The film's biggest problem is obviously its script: it all starts when LeBron James, a basketball player, turns down a contract with Warner Bros. The contract was crafted by a computer algorithm that has somehow taken on a life and will of its own, and is determined to make itself noticed, even in the worst ways. By imprisoning the sportsman and his son in a digital universe, things get complicated. James will have to play basketball against the live algorithm, and he will ask the only one who might possibly have a good idea for help: Bugs Bunny. It is, as we can see, a basic script, very poorly written and poorly designed, which is not able to properly sustain the film.
I don't want to be mean to LeBron James. He's not an actor, he's not expected to do a great job as an actor.

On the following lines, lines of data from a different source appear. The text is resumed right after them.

(* Let $n,m,d$ be positive integers with $n=dm$ and $\gcd(d,m)=1$, and let $r,t\in\mathbb{Z}$ with $\gcd(r,n)=1$. Then \[\kappa(n,r,t)=\frac{|r|_n\,\kappa(d,r,t)\,\kappa(m,r,t)}{\gcd\left(\kappa(d,r,t),|r|_n\right)\gcd\left(\kappa(m,r,t),|r|_n\right)}.\] In particular, $\kappa(d,r,t)$ divides $\kappa(n,r,t)$.
   Context: For an integer $m\geq1$ and an integer $r$ with $\gcd(r,m)=1$, $|r|_m$ denotes the multiplicative order of $r$ modulo $m$ (so $|r|_1=1$). For $k\geq1$, $S_k(x):=1+x+\cdots+x^{k-1}$, and $S_0(x):=0$. For integers $n\geq1$, $r,t$ with $\gcd(r,n)=1$, $\kappa(n,r,t):=\dfrac{n\,|r|_n}{\gcd\left(n,\ t\,S_{|r|_n}(r)\right)}$. *)

theory Defs
  imports "HOL-Number_Theory.Number_Theory"
begin

definition S :: "nat \<Rightarrow> int \<Rightarrow> int" where
  "S k x = (\<Sum>i<k. x ^ i)"

text \<open>kappa(n,r,t) = n |r|_n / gcd(n, t S_{|r|_n}(r)); |r|_n is the library's ord n r
  (multiplicative order, ord 1 r = 1). The division is exact since the gcd divides n.\<close>
definition kappa :: "int \<Rightarrow> int \<Rightarrow> int \<Rightarrow> int" where
  "kappa n r t = (n * int (ord n r)) div gcd n (t * S (ord n r) r)"

end

theory Submission
  imports Defs
begin

(* kappa N r t is the order of the affine map x \<mapsto> r x + t on Z/N: its k-th iterate is
   x \<mapsto> r^k x + t S_k(r), so kappa N r t divides k exactly when r^k = 1 mod N and
   N divides t S_k(r).  For n = d m with gcd(d,m) = 1 the Chinese remainder theorem makes
   kappa n the lcm of kappa d and kappa m.  This lcm is a multiple of Z = |r|_n, and
   gcd(kappa d, kappa m) divides Z because kappa N divides |r|_N N.  For such a Z between the
   gcd and the lcm of X and Y one has gcd(X,Z) gcd(Y,Z) = Z gcd(X,Y), which turns
   lcm(X,Y) = X Y / gcd(X,Y) into the stated formula. *)

lemma cong_power_1_int_iff_nat:
  fixes n r :: int
  assumes "n > 0"
  shows "[r ^ k = 1] (mod n) \<longleftrightarrow> [nat (r mod n) ^ k = 1] (mod nat n)"
proof -
  have "[r ^ k = 1] (mod n) \<longleftrightarrow> [(r mod n) ^ k = 1] (mod n)"
    by (simp add: cong_def power_mod)
  also have "\<dots> \<longleftrightarrow> [int (nat (r mod n) ^ k) = int 1] (mod int (nat n))"
    using assms by simp
  finally show ?thesis
    by (simp only: cong_int_iff)
qed

lemma ord_int_eq_ord_nat:
  fixes n r :: int
  assumes "n > 0"
  shows "ord n r = ord (nat n) (nat (r mod n))"
proof -
  have "coprime n r \<longleftrightarrow> coprime (nat n) (nat (r mod n))"
    using assms by (simp flip: coprime_int_iff)
  then show ?thesis
    using assms by (simp add: ord_def cong_power_1_int_iff_nat)
qed

lemma ord_divides_int:
  fixes n r :: int
  assumes "n > 0"
  shows "[r ^ k = 1] (mod n) \<longleftrightarrow> ord n r dvd k"
  using assms by (simp add: cong_power_1_int_iff_nat ord_int_eq_ord_nat ord_divides')

lemma ord_pos_int:
  fixes n r :: int
  assumes "n > 0" "coprime n r"
  shows "ord n r > 0"
  using assms by (simp add: ord_int_eq_ord_nat flip: coprime_int_iff)

lemma ord_dvd_ord_if_dvd_int:
  fixes d n r :: int
  assumes "d > 0" "n > 0" "d dvd n"
  shows "ord d r dvd ord n r"
  using assms ord_divides_int[of n r "ord n r"] ord_divides_int[of d r "ord n r"]
  by (meson cong_dvd_modulus dvd_refl)

lemma dvd_mult_iff_div_gcd_dvd:
  fixes n c q :: "'a :: {idom, semiring_gcd}"
  assumes "n \<noteq> 0"
  shows "n dvd c * q \<longleftrightarrow> n div gcd n c dvd q"
proof -
  define g where "g = gcd n c"
  have "g \<noteq> 0" using assms by (simp add: g_def)
  have n: "n = g * (n div g)" and c: "c = g * (c div g)"
    by (simp_all add: g_def)
  have "coprime (n div g) (c div g)"
    using assms by (simp add: g_def div_gcd_coprime)
  have "n dvd c * q \<longleftrightarrow> g * (n div g) dvd g * (c div g * q)"
    by (subst n, subst c) (simp add: mult.assoc)
  also have "\<dots> \<longleftrightarrow> n div g dvd c div g * q"
    using \<open>g \<noteq> 0\<close> by simp
  also have "\<dots> \<longleftrightarrow> n div g dvd q"
    using \<open>coprime (n div g) (c div g)\<close> by (simp add: coprime_dvd_mult_right_iff)
  finally show ?thesis by (simp add: g_def)
qed

lemma S_add: "S (a + b) x = S a x + x ^ a * S b x"
  by (induction b) (auto simp: S_def algebra_simps power_add)

lemma S_mult: "S (a * q) x = S a x * S q (x ^ a)"
proof (induction q)
  case 0
  then show ?case by (simp add: S_def)
next
  case (Suc q)
  have "S (a * Suc q) x = S (a * q) x + x ^ (a * q) * S a x"
    by (metis S_add add.commute mult_Suc_right)
  also have "\<dots> = S a x * (S q (x ^ a) + (x ^ a) ^ q)"
    using Suc by (simp add: algebra_simps power_mult)
  also have "S q (x ^ a) + (x ^ a) ^ q = S (Suc q) (x ^ a)"
    by (simp add: S_def)
  finally show ?case .
qed

lemma cong_S_if_cong_1:
  fixes y N :: int
  assumes "[y = 1] (mod N)"
  shows "[S q y = int q] (mod N)"
proof (induction q)
  case 0
  then show ?case by (simp add: S_def)
next
  case (Suc q)
  have "[S q y + y ^ q = int q + 1 ^ q] (mod N)"
    using Suc assms by (intro cong_add cong_pow)
  then show ?case by (simp add: S_def add.commute)
qed

lemma kappa_altdef:
  fixes N r t :: int
  shows "kappa N r t = int (ord N r) * (N div gcd N (t * S (ord N r) r))"
  by (simp add: kappa_def div_mult_swap mult.commute)

lemma kappa_pos:
  fixes N r t :: int
  assumes "N > 0" "coprime N r"
  shows "kappa N r t > 0"
proof -
  have "N div gcd N (t * S (ord N r) r) > 0"
    using assms(1) by (simp add: pos_imp_zdiv_pos_iff)
  then show ?thesis
    using ord_pos_int[OF assms] by (simp add: kappa_altdef)
qed

lemma ord_dvd_kappa: "int (ord N r) dvd kappa N r t"
  by (simp add: kappa_altdef)

lemma kappa_dvd_ord_mult: "kappa N r t dvd int (ord N r) * N"
proof -
  have "N div gcd N c dvd N" for c
    by (metis dvd_div_mult_self dvd_triv_left gcd_dvd1)
  then show ?thesis
    by (simp add: kappa_altdef mult_dvd_mono)
qed

lemma kappa_dvd_iff:
  fixes N r t :: int
  assumes "N > 0" "coprime N r"
  shows "kappa N r t dvd int k \<longleftrightarrow> [r ^ k = 1] (mod N) \<and> N dvd t * S k r"
proof (cases "ord N r dvd k")
  case True
  define o' where "o' = ord N r"
  define c where "c = t * S o' r"
  obtain q where k: "k = o' * q"
    using True by (auto simp: o'_def)
  have "[S k r = S o' r * int q] (mod N)"
    unfolding k S_mult
    using cong_S_if_cong_1[of "r ^ o'" N q] ord_divides_int[OF assms(1), of r o']
    by (simp add: o'_def cong_scalar_left)
  then have "[t * S k r = c * int q] (mod N)"
    by (simp add: c_def cong_scalar_left mult.assoc)
  then have "N dvd t * S k r \<longleftrightarrow> N dvd c * int q"
    by (rule cong_dvd_iff)
  also have "\<dots> \<longleftrightarrow> N div gcd N c dvd int q"
    using assms(1) by (simp add: dvd_mult_iff_div_gcd_dvd)
  also have "\<dots> \<longleftrightarrow> kappa N r t dvd int k"
    using ord_pos_int[OF assms] by (simp add: kappa_altdef k c_def o'_def)
  finally show ?thesis
    using True ord_divides_int[OF assms(1)] by blast
next
  case False
  then have "\<not> kappa N r t dvd int k"
    using ord_dvd_kappa[of N r t] by (meson dvd_trans int_dvd_int_iff)
  then show ?thesis
    using False ord_divides_int[OF assms(1)] by blast
qed

lemma eq_lcm_if_dvd_of_nat_iff:
  fixes K A B :: int
  assumes "K \<ge> 0" and "\<And>k :: nat. K dvd int k \<longleftrightarrow> A dvd int k \<and> B dvd int k"
  shows "K = lcm A B"
proof (rule zdvd_antisym_nonneg)
  show "K dvd lcm A B"
    using assms(2)[of "nat (lcm A B)"] by simp
  show "lcm A B dvd K"
    using assms(1) assms(2)[of "nat K"] by simp
qed (use assms(1) in simp_all)

lemma kappa_modulus_mult_coprime:
  fixes d m r t :: int
  assumes "d > 0" "m > 0" "coprime d m" "coprime (d * m) r"
  shows "kappa (d * m) r t = lcm (kappa d r t) (kappa m r t)"
proof (rule eq_lcm_if_dvd_of_nat_iff)
  have "d * m > 0" "coprime d r" "coprime m r"
    using assms by simp_all
  then show "kappa (d * m) r t \<ge> 0"
    using kappa_pos[of "d * m" r t] assms(4) by simp
  have cong_iff: "[x = 1] (mod d * m) \<longleftrightarrow> [x = 1] (mod d) \<and> [x = 1] (mod m)" for x
    using assms(3) by (metis coprime_cong_mult cong_modulus_mult mult.commute)
  have dvd_iff: "d * m dvd y \<longleftrightarrow> d dvd y \<and> m dvd y" for y
    using assms(3) by (meson divides_mult dvd_mult_left dvd_mult_right)
  show "kappa (d * m) r t dvd int k \<longleftrightarrow> kappa d r t dvd int k \<and> kappa m r t dvd int k" for k
    unfolding kappa_dvd_iff[OF \<open>d * m > 0\<close> assms(4)] kappa_dvd_iff[OF assms(1) \<open>coprime d r\<close>]
      kappa_dvd_iff[OF assms(2) \<open>coprime m r\<close>] cong_iff dvd_iff
    by blast
qed

(* Prime by prime: min(x,z) + min(y,z) = z + min(x,y) whenever min(x,y) \<le> z \<le> max(x,y). *)
lemma gcd_mult_gcd_eq:
  fixes X Y Z :: int
  assumes "Z \<ge> 0" "Z dvd lcm X Y" "gcd X Y dvd Z"
  shows "gcd X Z * gcd Y Z = Z * gcd X Y"
proof -
  have "Z * gcd X Y dvd lcm X Y * gcd X Y"
    using assms(2) by (rule mult_dvd_mono) simp
  then have dvd_XY: "Z * gcd X Y dvd X * Y"
    by (simp flip: abs_mult)
  have dvd_ZZ: "Z * gcd X Y dvd Z * Z"
    using assms(3) by simp
  have "gcd X Z * gcd Y Z = gcd (X * gcd Y Z) (Z * gcd Y Z)"
    by (simp add: gcd_mult_right gcd.commute)
  also have "\<dots> = gcd (gcd (X * Y) (X * Z)) (gcd (Z * Y) (Z * Z))"
    using assms(1) by (simp add: gcd_mult_left)
  also have "\<dots> = gcd (gcd (Z * X) (Z * Y)) (gcd (X * Y) (Z * Z))"
    by (simp only: gcd.assoc gcd.commute gcd.left_commute mult.commute)
  also have "\<dots> = gcd (Z * gcd X Y) (gcd (X * Y) (Z * Z))"
    using assms(1) by (simp add: gcd_mult_left)
  also have "\<dots> = Z * gcd X Y"
    using assms(1) dvd_XY dvd_ZZ by simp
  finally show ?thesis .
qed

lemma lcm_eq_mult_div_gcd_mult_gcd:
  fixes X Y Z :: int
  assumes "X > 0" "Y > 0" "Z > 0" "Z dvd lcm X Y" "gcd X Y dvd Z"
  shows "lcm X Y = Z * X * Y div (gcd X Z * gcd Y Z)"
proof -
  have "lcm X Y = X * Y div gcd X Y"
    using assms(1,2) by (simp add: lcm_altdef_int)
  also have "\<dots> = Z * X * Y div (Z * gcd X Y)"
    using assms(3) by (simp add: mult.assoc)
  also have "\<dots> = Z * X * Y div (gcd X Z * gcd Y Z)"
    using assms(3-5) by (simp add: gcd_mult_gcd_eq)
  finally show ?thesis .
qed

lemma gcd_kappa_dvd_ord_mult:
  fixes d m r t :: int
  assumes "d > 0" "m > 0" "coprime d m"
  shows "gcd (kappa d r t) (kappa m r t) dvd int (ord (d * m) r)"
proof -
  let ?o = "int (ord (d * m) r)"
  have "kappa N r t dvd ?o * N" if "N > 0" "N dvd d * m" for N
  proof -
    have "int (ord N r) dvd ?o"
      using assms that by (simp add: ord_dvd_ord_if_dvd_int)
    then show ?thesis
      by (meson dvd_trans kappa_dvd_ord_mult mult_dvd_mono dvd_refl)
  qed
  then have "kappa d r t dvd ?o * d" "kappa m r t dvd ?o * m"
    using assms(1,2) by simp_all
  then have "gcd (kappa d r t) (kappa m r t) dvd gcd (?o * d) (?o * m)"
    by (rule gcd_mono)
  also have "gcd (?o * d) (?o * m) = ?o"
    using assms(3) by (simp add: gcd_mult_left)
  finally show ?thesis .
qed

theorem lemma3p3:
  fixes n m d r t :: int
  assumes "n > 0" "m > 0" "d > 0" "n = d * m" "gcd d m = 1" "gcd r n = 1"
  shows "kappa n r t =
           (int (ord n r) * kappa d r t * kappa m r t) div
           (gcd (kappa d r t) (int (ord n r)) * gcd (kappa m r t) (int (ord n r)))
         \<and> kappa d r t dvd kappa n r t"
proof -
  have "coprime d m" "coprime n r"
    using assms(5,6) by (simp_all add: coprime_iff_gcd_eq_1 gcd.commute)
  then have "coprime d r" "coprime m r"
    using assms(4) by simp_all
  have kappa_n: "kappa n r t = lcm (kappa d r t) (kappa m r t)"
    using kappa_modulus_mult_coprime \<open>coprime d m\<close> \<open>coprime n r\<close> assms(2-4) by blast
  have "int (ord n r) dvd lcm (kappa d r t) (kappa m r t)"
    using ord_dvd_kappa[of n r t] by (simp only: kappa_n)
  moreover have "gcd (kappa d r t) (kappa m r t) dvd int (ord n r)"
    using gcd_kappa_dvd_ord_mult \<open>coprime d m\<close> assms(2-4) by blast
  moreover have "kappa d r t > 0" "kappa m r t > 0" "int (ord n r) > 0"
    using kappa_pos ord_pos_int \<open>coprime d r\<close> \<open>coprime m r\<close> \<open>coprime n r\<close> assms(1-3)
    by simp_all
  ultimately have "lcm (kappa d r t) (kappa m r t) = (int (ord n r) * kappa d r t * kappa m r t)
      div (gcd (kappa d r t) (int (ord n r)) * gcd (kappa m r t) (int (ord n r)))"
    by (intro lcm_eq_mult_div_gcd_mult_gcd)
  then show ?thesis
    unfolding kappa_n by (rule conjI[OF _ dvd_lcm1])
qed

end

I think he did a lot with what he got, which was pretty bad, but I also think he's not famous enough to support the movie the way Air Jordan did before. Maybe he's famous in the USA! Outside the US, no one knows who he is. Don Cheadle, thus, ends up being the most prominent actor in the film, even if in a Machiavellian and tiresome character. Cedric Joe does what he can, but his character is terrible, and it was very poorly thought out. Self-centered, selfish, vain and resentful of his father, the kid is nasty almost until the end.
Technically, the film bets everything on the CGI of great visual effect and fails completely: if there's one thing that doesn't work well, it is the stylized and tiresome look of this film. I've acquired a special dislike for the computerized versions of Bugs and the rest of Looney Tunes. They are terrible and ugly. There are things that shouldn't be modernized, so they don't lose their essence! In addition, the film has tiresome cinematography and is excessively long, with no script or material to fully justify it. I liked, however, the many tributes that are made to the films of the past of the Warner studio: we have everything from “King Kong” to “Casablanca”, with the passage guaranteed by the “Harry Potter” franchise to “Matrix” and “Mad Max”. It was the part of the movie that I found most sympathetic and honorable, but I still don't recommend this movie.